Only valid on orders under 20 quid. How very strange.
Was looking for some rotary switches the other day, and RS were about 20% more than CPC for the same make and part number. I dunno if they still give a rebate based on what you spend over a year - but for a small buyer like me it's no contest.
I was looking for a 12V 1.2AH SLA a few weeks back, Maplins about £30:00 and RS about £10:00, in the end I got one from Screwfix for a few pence less than £10:00
I emailed a query to Maplins and they assured me that they provided the best service possible. Bollocks!!!
I'm reminded of the series of youtube videos where a guy dissects one of Maplin's jumpstarters, and finds the 17Ah SLA battery is a padded out case around a 7Ah SLA battery.
Always: "Free postage for orders over 20 quid for account customers"
Offer: "Free postage (except for account customers with orders over 20 quid, who get it free anyway with no restrictions)"
In other words it's always free, they're just being clear which set of T&C the 'free' part operates under.
It is true that I only ended up at RS because of a single chip that I couldn't find at Onecall (ie Farnell+CPC). After years of being useless, Farnell's website is actually usable these days, while RS' is still ebay-style clunky. I almost never look there nowadays.
And Farnell will sell me 1-off the chip I wanted (though only in MSOP, which I'd rather not) while RS insist I buy 10. Sigh.
Dunno .. we normally buy an item or item's in excess of 20 quid and do compare RS with Farnell/CPC etc and quite a bit of the time they are competitive..
I've never considered buying from Maplin. When they want a tenner for some trivial small thing I can get elsewhere for 50p its not even worth a look. I'm not the impatient ill planned sort.
At one place they used to order from RS. Bit by bit we found everything was cheaper elsewhere. IIRC the upside with RS is the detailed specs that, at that time, werent readily available from other places.
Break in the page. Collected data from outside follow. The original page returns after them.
lemma sclass_eq_one_iff:
  assumes "\<not> int p dvd mat2_det A"
  shows "sclass p A = \<one>\<^bsub>PGL2 p\<^esub> \<longleftrightarrow> scalar_mod p A"
proof (cases A rule: prod_cases4)
  case (fields a b c d)
  show ?thesis
  proof
    assume "sclass p A = \<one>\<^bsub>PGL2 p\<^esub>"
    then obtain l where "mat2_mod p A = mat2_mod p (mat2_smult l mat2_one)"
      using mat2_mod_in_sclass[of A] unfolding one_PGL2 sclass_conv by auto
    then have "a mod int p = d mod int p" "b mod int p = 0" "c mod int p = 0"
      using fields by simp_all
    then show "scalar_mod p A"
      using fields by (simp add: mod_eq_dvd_iff dvd_eq_mod_eq_0)
  next
    assume scalar: "scalar_mod p A"
    have "\<not> int p dvd a"
      using assms scalar fields by auto
    have "mat2_mod p A = mat2_mod p (a, 0, 0, a)"
      unfolding fields
      by (rule mat2_mod_eqI) (use scalar fields in \<open>simp_all add: dvd_diff_commute[of "int p" d a]\<close>)
    then have "sclass p A = sclass p (a, 0, 0, a)"
      by (metis sclass_mat2_mod)
    then show "sclass p A = \<one>\<^bsub>PGL2 p\<^esub>"
      using sclass_scalar[OF \<open>\<not> int p dvd a\<close>] by simp
  qed
qed

lemma sclass_pow_eq_one_iff:
  assumes "\<not> int p dvd mat2_det A" "\<not> scalar_mod p A"
  shows "sclass p A [^]\<^bsub>PGL2 p\<^esub> n = \<one>\<^bsub>PGL2 p\<^esub>
           \<longleftrightarrow> int p dvd lucas_u (mat2_trace A) (mat2_det A) n"
proof (cases n)
  case (Suc m)
  obtain a b c e where A: "A = (a, b, c, e)" by (cases A rule: prod_cases4)
  let ?u = "lucas_u (a + e) (a*e - b*c) (Suc m)"
  have "\<not> int p dvd mat2_det (mat2_pow A n)"
    using assms(1) by (simp add: mat2_det_pow not_dvd_power)
  then have "sclass p A [^]\<^bsub>PGL2 p\<^esub> n = \<one>\<^bsub>PGL2 p\<^esub> \<longleftrightarrow> scalar_mod p (mat2_pow A n)"
    by (simp add: pow_PGL2_sclass sclass_eq_one_iff)
  also have "\<dots> \<longleftrightarrow> int p dvd ?u * b \<and> int p dvd ?u * c \<and> int p dvd ?u * (a - e)"
    using A Suc by (simp del: mat2_pow.simps add: mat2_pow_Suc_lucas_u Let_def algebra_simps)
  also have "\<dots> \<longleftrightarrow> int p dvd ?u"
    using assms(2) A by (auto simp: dvd_mult_iff)
  finally show ?thesis using A Suc by simp
qed (simp add: one_PGL2)

lemma ord_sclass_eq_prime_iff:
  assumes "\<not> int p dvd mat2_det A" "prime q"
  shows "PGL2.ord (sclass p A) = q
           \<longleftrightarrow> \<not> scalar_mod p A \<and> int p dvd lucas_u (mat2_trace A) (mat2_det A) q"
proof (cases "scalar_mod p A")
  case True
  then have "sclass p A = \<one>\<^bsub>PGL2 p\<^esub>"
    using assms(1) sclass_eq_one_iff by blast
  then have "PGL2.ord (sclass p A) = 1"
    using PGL2.ord_id by simp
  then show ?thesis
    using True assms(2) by auto
next
  case False
  then show ?thesis
    using assms sclass_pow_eq_one_iff sclass_eq_one_iff
      PGL2.ord_eq_prime_iff[OF sclass_in_carrier_PGL2] by auto
qed
lemma nn_integral_label_step:
  fixes F :: "real \<times> real \<times> real \<Rightarrow> ennreal"
  assumes B: "0 < B" "B \<le> 1" and H: "0 < H" "H \<le> 1" and [measurable]: "F \<in> borel_measurable borel"
  defines "p \<equiv> Pf (- ln B) (- ln H)" and "R \<equiv> Rf (- ln B) (- ln H)"
  shows "(\<integral>\<^sup>+l. F (label_step l (B, H, T) c) \<partial>label_measure) =
    (\<integral>\<^sup>+u. ennreal p * (\<integral>\<^sup>+e. F (u * B, H, T + e / R) \<partial>exponential1)
        + ennreal (1 - p) * (\<integral>\<^sup>+e. F (B, u * H, T + e / R) \<partial>exponential1) \<partial>uniform01)"
proof -
  have p: "0 \<le> p" "p \<le> 1" using Pf_bounds[of "- ln B" "- ln H"] B H by (auto simp: p_def)
  define g where "g u = ennreal p * (\<integral>\<^sup>+e. F (u * B, H, T + e / R) \<partial>exponential1)
      + ennreal (1 - p) * (\<integral>\<^sup>+e. F (B, u * H, T + e / R) \<partial>exponential1)" for u
  have [measurable]: "g \<in> borel_measurable borel"
    unfolding g_def by measurable
  have [measurable]: "(\<lambda>l. F (label_step l (B, H, T) c)) \<in> borel_measurable label_measure"
    unfolding label_step_def Let_def case_prod_beta by measurable
  have "(\<integral>\<^sup>+l. F (label_step l (B, H, T) c) \<partial>label_measure) =
      (\<integral>\<^sup>+us. \<integral>\<^sup>+ud. \<integral>\<^sup>+e. F (label_step (us, ud, e) (B, H, T) c) \<partial>exponential1 \<partial>uniform01 \<partial>uniform01)"
    by (rule nn_integral_label_measure) measurable
  also have "\<dots> = (\<integral>\<^sup>+us. g (if c then 1 - us else us) \<partial>uniform01)"
  proof (intro nn_integral_cong)
    fix us :: real
    define fr where "fr = (if c then 1 - us else us)"
    define A1 where "A1 = (\<integral>\<^sup>+e. F (fr * B, H, T + e / R) \<partial>exponential1)"
    define A2 where "A2 = (\<integral>\<^sup>+e. F (B, fr * H, T + e / R) \<partial>exponential1)"
    have "(\<integral>\<^sup>+ud. \<integral>\<^sup>+e. F (label_step (us, ud, e) (B, H, T) c) \<partial>exponential1 \<partial>uniform01) =
        (\<integral>\<^sup>+ud. A1 * indicator {..p} ud + A2 * indicator {p<..} ud \<partial>uniform01)"
      by (intro nn_integral_cong)
         (auto simp: label_step_simps A1_def A2_def fr_def p_def R_def split: split_indicator)
    also have "\<dots> = A1 * emeasure uniform01 {..p} + A2 * emeasure uniform01 {p<..}"
      by (simp add: nn_integral_add nn_integral_cmult_indicator)
    also have "\<dots> = g fr"
      by (simp only: emeasure_uniform01_atMost[OF p] emeasure_uniform01_greaterThan[OF p])
         (simp add: g_def A1_def A2_def mult.commute)
    finally show "(\<integral>\<^sup>+ud. \<integral>\<^sup>+e. F (label_step (us, ud, e) (B, H, T) c) \<partial>exponential1 \<partial>uniform01) =
        g (if c then 1 - us else us)"
      by (simp add: fr_def)
  qed
  also have "\<dots> = (\<integral>\<^sup>+u. g u \<partial>uniform01)"
    by (cases c) (simp_all add: nn_integral_uniform01_reflect)
  finally show ?thesis unfolding g_def .
qed

lemma nn_integral_label_step_le:
  fixes F :: "real \<times> real \<times> real \<Rightarrow> ennreal"
  assumes B: "0 < B" "B \<le> 1" and H: "0 < H" "H \<le> 1" and F: "F \<in> borel_measurable borel"
  defines "p \<equiv> Pf (- ln B) (- ln H)" and "R \<equiv> Rf (- ln B) (- ln H)"
  assumes G1: "\<And>u e. 0 < u \<Longrightarrow> u < 1 \<Longrightarrow> 0 \<le> e \<Longrightarrow> F (u * B, H, T + e / R) \<le> G1 u e"
    and G2: "\<And>u e. 0 < u \<Longrightarrow> u < 1 \<Longrightarrow> 0 \<le> e \<Longrightarrow> F (B, u * H, T + e / R) \<le> G2 u e"
  shows "(\<integral>\<^sup>+l. F (label_step l (B, H, T) c) \<partial>label_measure) \<le>
    (\<integral>\<^sup>+u. ennreal p * (\<integral>\<^sup>+e. G1 u e \<partial>exponential1)
        + ennreal (1 - p) * (\<integral>\<^sup>+e. G2 u e \<partial>exponential1) \<partial>uniform01)"
  unfolding nn_integral_label_step[OF B H F] p_def[symmetric] R_def[symmetric]
  using AE_uniform01
proof (intro nn_integral_mono_AE, eventually_elim)
  case (elim u)
  then show ?case
    by (intro add_mono mult_left_mono nn_integral_mono_AE) (auto intro: AE_mp[OF AE_exponential1] G1 G2)
qed

section \<open>Weights with controlled growth\<close>

definition admissible :: "real \<times> real \<times> real \<Rightarrow> bool" where
  "admissible s \<longleftrightarrow> 0 < fst s \<and> fst s \<le> 1 \<and> 0 < fst (snd s) \<and> fst (snd s) \<le> 1"

lemma admissible_simps[simp]: "admissible (B, H, T) \<longleftrightarrow> 0 < B \<and> B \<le> 1 \<and> 0 < H \<and> H \<le> 1"
  by (simp add: admissible_def)

(* The weights are \<top> off the admissible states, where the drift bounds then hold trivially. *)
definition upper_weight :: "real \<times> real \<times> real \<Rightarrow> ennreal" where
  "upper_weight s = (if admissible s
     then ennreal (exp ((- ln (fst s) - ln (fst (snd s)) + snd (snd s)) / 2)) else \<top>)"

lemma measurable_upper_weight[measurable]: "upper_weight \<in> borel_measurable borel"
  unfolding upper_weight_def admissible_def by measurable

lemma upper_weight_child_le:
  assumes B: "0 < B" "B \<le> 1" and H: "0 < H" "H \<le> 1"
  shows "(\<integral>\<^sup>+l. upper_weight (label_step l (B, H, T) c) \<partial>label_measure) \<le> 4 * upper_weight (B, H, T)"
proof -
  define \<Phi> where "\<Phi> = exp ((- ln B - ln H + T) / 2)"
  define p where "p = Pf (- ln B) (- ln H)"
  have p: "0 \<le> p" "p \<le> 1" using Pf_bounds[of "- ln B" "- ln H"] B H by (auto simp: p_def)
  define G where "G u e = ennreal (u powr (-1/2) * \<Phi>) * ennreal (exp ((1/2) * e))" for u e :: real
  have "(\<integral>\<^sup>+l. upper_weight (label_step l (B, H, T) c) \<partial>label_measure) \<le>
      (\<integral>\<^sup>+u. ennreal p * (\<integral>\<^sup>+e. G u e \<partial>exponential1)
        + ennreal (1 - p) * (\<integral>\<^sup>+e. G u e \<partial>exponential1) \<partial>uniform01)"
    unfolding p_def
  proof (rule nn_integral_label_step_le[OF B H measurable_upper_weight])
    fix u e :: real assume u: "0 < u" "u < 1" and e: "0 \<le> e"
    have "e / Rf (- ln B) (- ln H) \<le> e"
      using Rf_ge_1[of "- ln B" "- ln H"] B H e
      by (simp add: divide_le_eq_1 divide_le_eq mult_le_cancel_left1)
    then have "exp ((- ln u - ln B - ln H + (T + e / Rf (- ln B) (- ln H))) / 2) \<le>
        u powr (-1/2) * \<Phi> * exp ((1/2) * e)"
      using u by (simp add: \<Phi>_def powr_def exp_add[symmetric] add_divide_distrib diff_divide_distrib)
    moreover have "0 < u * B" "u * B \<le> 1" "0 < u * H" "u * H \<le> 1"
      using u B H by (auto intro: mult_le_one)
    ultimately show "upper_weight (u * B, H, T + e / Rf (- ln B) (- ln H)) \<le> G u e"
      "upper_weight (B, u * H, T + e / Rf (- ln B) (- ln H)) \<le> G u e"
      using u B H
      by (auto simp: upper_weight_def G_def ln_mult ennreal_mult'[symmetric] algebra_simps
          intro!: ennreal_leI)
  qed
  also have "\<dots> = (\<integral>\<^sup>+u. \<integral>\<^sup>+e. G u e \<partial>exponential1 \<partial>uniform01)"
    using p by (simp flip: distrib_right ennreal_plus)
  also have "\<dots> = (\<integral>\<^sup>+u. ennreal (u powr (-1/2) * \<Phi>) * 2 \<partial>uniform01)"
    using nn_integral_exponential1_exp[of "1/2"] by (simp add: G_def nn_integral_cmult)
  also have "\<dots> = 2 * ennreal \<Phi> * (\<integral>\<^sup>+u. ennreal (u powr (-1/2)) \<partial>uniform01)"
    by (subst nn_integral_cmult[symmetric])
       (auto intro!: nn_integral_cong simp: ennreal_mult \<Phi>_def mult_ac)
  also have "\<dots> \<le> 2 * ennreal \<Phi> * 2"
    using nn_integral_uniform01_powr[of "-1/2"] by (intro mult_left_mono) auto
  finally show ?thesis
    using B H by (simp add: upper_weight_def \<Phi>_def mult_ac)
qed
The net has wiped th at advantage out.
When I moved from a large mini-computer manufacturer to a small startup in the mid 1990's, we wanted an RS account like I'd got used to. Called up RS and a large bundle of forms arrived, wanting the director's salaries, last 3 years accounts, my inside leg measurement, etc.
Next day, a Farnell salesman knocked on the door and offered us a credit account there and then. I've no idea if that was pure coincidence or not, but I took that. We never got around to filling out the RS paperwork, and Farnell got many thousands from us by the time I left.
A few decades ago they were known as reject spares.
They used to over-paint the manufactures number and print their own on the top of ICs.
Scrape off the paint and you would find the original number. In a batch of "identical" RS part numbers you would find components from different manufacturers that sometimes had major differences in the specifications.
Really? Of all companies, they had a pretty good reputation for the goods they supplied - although not for value.
And?
But did they conform to the published RS spec? I've used many of those over the years and they've always done what they say on the tin. If you needed a tighter spec you'd go for the more expensive individual product rather than a generic.